Difference Between European Antiques & Antiques from Antique Malls

You may have visited an antique dealer or antique mall or two and wondered how the pieces vary between the two types of sellers. Differences can typically be tied to where the piece originated, especially in regards to how it is constructed. The authenticity and prices of pieces can also vary between malls and dealers.

Types of Items

The types of items you may find in an antique mall vary considerably depending on the mall and vendor. Because the items sold in malls are from estate sales, auctions, and flea markets, you will see a wide range of prices; some items will be higher-end while other pieces will be what many would consider bargain items. Vendors often keep a stock of numerous smaller and cheaper items in their stalls; you will occasionally see booths with more of the higher-priced pieces, but these types of items are more commonly found at dealers’ shops.

Items that you are likely to find in antique malls include furniture, jewelry, clothing, books, etc. if you choose to shop at one of these malls, be mindful that not all items sold are considered to be authentic antiques. For example, the Southside Antique Mall vendors often sell vintage items from the 1950s; while these items are over sixty years old, they aren’t considered antique, which will likely affect the price you are willing to pay for them.

Origin

One of the biggest factors to keep in mind when comparing antiques from a mall to the antiques filling many dealers’ shops is that the antique mall pieces are often American-made and of lesser value. European and American antiques are actually fairly similar in style; Americans would copy the styles that became popular in Europe, but the difference between the two is often in the antique’s furniture construction.

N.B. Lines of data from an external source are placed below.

lemma ceiling_sqrt_bounds:
  assumes "0 < T"
  defines "m \<equiv> nat \<lceil>sqrt (real T)\<rceil>"
  shows "0 < m" "real m + 1 \<le> 3 * sqrt (real T)" "real T / real m \<le> sqrt (real T)"
proof -
  have sqrtT: "1 \<le> sqrt (real T)"
    using assms(1) by simp
  have "real m = real_of_int \<lceil>sqrt (real T)\<rceil>"
    unfolding m_def by simp
  then have m: "sqrt (real T) \<le> real m" "real m \<le> sqrt (real T) + 1"
    by linarith+
  then show "real m + 1 \<le> 3 * sqrt (real T)"
    using sqrtT by linarith
  have "0 < real m"
    using m sqrtT by linarith
  then show "0 < m"
    by simp
  have "real T / real m \<le> real T / sqrt (real T)"
    using m sqrtT \<open>0 < real m\<close> by (intro divide_left_mono) auto
  also have "\<dots> = sqrt (real T)"
    by (rule real_div_sqrt) simp
  finally show "real T / real m \<le> sqrt (real T)" .
qed

lemma calibrated_small_support_near_LowerCalDist:
  assumes T: "0 < T" and x01: "\<And>t. t < T \<Longrightarrow> x t \<in> {0..1}"
  shows "\<exists>D\<in>lower_cal_set T x. real (card (joint_support T D)) \<le> 3 * sqrt (real T)
           \<and> dist_l1 T p D \<le> LowerCalDist T x p + 2 * sqrt (real T)"
proof -
  define m where "m = nat \<lceil>sqrt (real T)\<rceil>"
  note m = ceiling_sqrt_bounds[OF T, folded m_def]
  obtain D where D: "D \<in> lower_cal_set T x"
    and D_opt: "dist_l1 T p D < LowerCalDist T x p + sqrt (real T)"
    using LowerCalDist_approx[OF lower_cal_set_nonempty[of T x, OF T x01], of "sqrt (real T)" p] T
    by auto
  obtain D' where D': "D' \<in> lower_cal_set T x"
    and card: "card (joint_support T D') \<le> m + 1"
    and cost: "dist_l1 T p D' \<le> dist_l1 T p D + real T / real m"
    using calibrated_rounding[OF D m(1), of p] by blast
  have "real (card (joint_support T D')) \<le> 3 * sqrt (real T)"
    using of_nat_mono[OF card, where 'a=real] m(2) by simp
  moreover have "dist_l1 T p D' \<le> LowerCalDist T x p + 2 * sqrt (real T)"
    using D_opt cost m(3) by linarith
  ultimately show ?thesis
    using D' by blast
qed

theorem lemma3:
  "\<exists>C>0::real. \<forall>(T::nat) (x::nat \<Rightarrow> real) (p::nat \<Rightarrow> real).
     T > 0 \<longrightarrow> (\<forall>t<T. x t \<in> {0, 1}) \<longrightarrow> (\<forall>t<T. p t \<in> {0..1}) \<longrightarrow>
     (\<exists>(S::real set) (D::nat \<Rightarrow> real pmf).
        S \<subseteq> {0..1} \<and> finite S \<and> real (card S) \<le> C * sqrt (real T) \<and>
        (\<forall>t<T. set_pmf (D t) \<subseteq> S) \<and>
        D \<in> lower_cal_set T x \<and>
        dist_l1 T p D \<le> LowerCalDist T x p + C * sqrt (real T))"
proof (intro exI[of _ 3] conjI allI impI)
  fix T :: nat and x p :: "nat \<Rightarrow> real"
  assume T: "T > 0" and "\<forall>t<T. x t \<in> {0, 1}"
  then have "x t \<in> {0..1}" if "t < T" for t
    using that by auto
  then obtain D where D: "D \<in> lower_cal_set T x"
    and card: "real (card (joint_support T D)) \<le> 3 * sqrt (real T)"
    and cost: "dist_l1 T p D \<le> LowerCalDist T x p + 2 * sqrt (real T)"
    using calibrated_small_support_near_LowerCalDist[of T x p, OF T] by blast
  then show "\<exists>S D. S \<subseteq> {0..1} \<and> finite S \<and> real (card S) \<le> 3 * sqrt (real T) \<and>
      (\<forall>t<T. set_pmf (D t) \<subseteq> S) \<and> D \<in> lower_cal_set T x \<and>
      dist_l1 T p D \<le> LowerCalDist T x p + 3 * sqrt (real T)"
    using lower_cal_set_joint_support[OF D] set_pmf_subset_joint_support[of _ T D]
    by (intro exI[of _ "joint_support T D"] exI[of _ D]) auto
qed simp

end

You can see the extra care and craftsmanship put into a piece by European furniture makers; they had a more established and wealthy clientele. European furniture was typically placed in homes that were often far more formal than American homes of the same period. American antiques are missing some of the subtleties of European antique furniture. As a result, features typically present only in English antiques include dusters between drawer cavities and beveled panels in the framing.

The presence and absence of certain features are not the only distinction between European and American antiques. The designs of American furniture may reflect European styles, but American furniture makers didn’t have access to the same resources so they had to create some unique styles of their own. American furniture in general was simpler than European pieces with smaller sizes, quieter tastes, and less decoration. Vertical pieces combined with fewer carvings established a more American style. In addition, American-made dovetails were fatter than the fine, narrow dovetails of English furniture.

The types of wood used also varied between America and England. Furniture makers used cheaper, local trees for a piece’s secondary wood. In England, this was commonly oak while American secondary wood consisted of poplar, yellow pine, or white pine. Black walnut was a common primary wood for American antiques; English furniture makers used mahogany or walnut.

It’s important to keep in mind that the origin doesn’t automatically determine the value of a piece. Many times how rare a piece is creates a higher value than where a piece was made. Because American pieces are often rare, they will sell for a higher price than a similar European piece even if they are of comparable quality.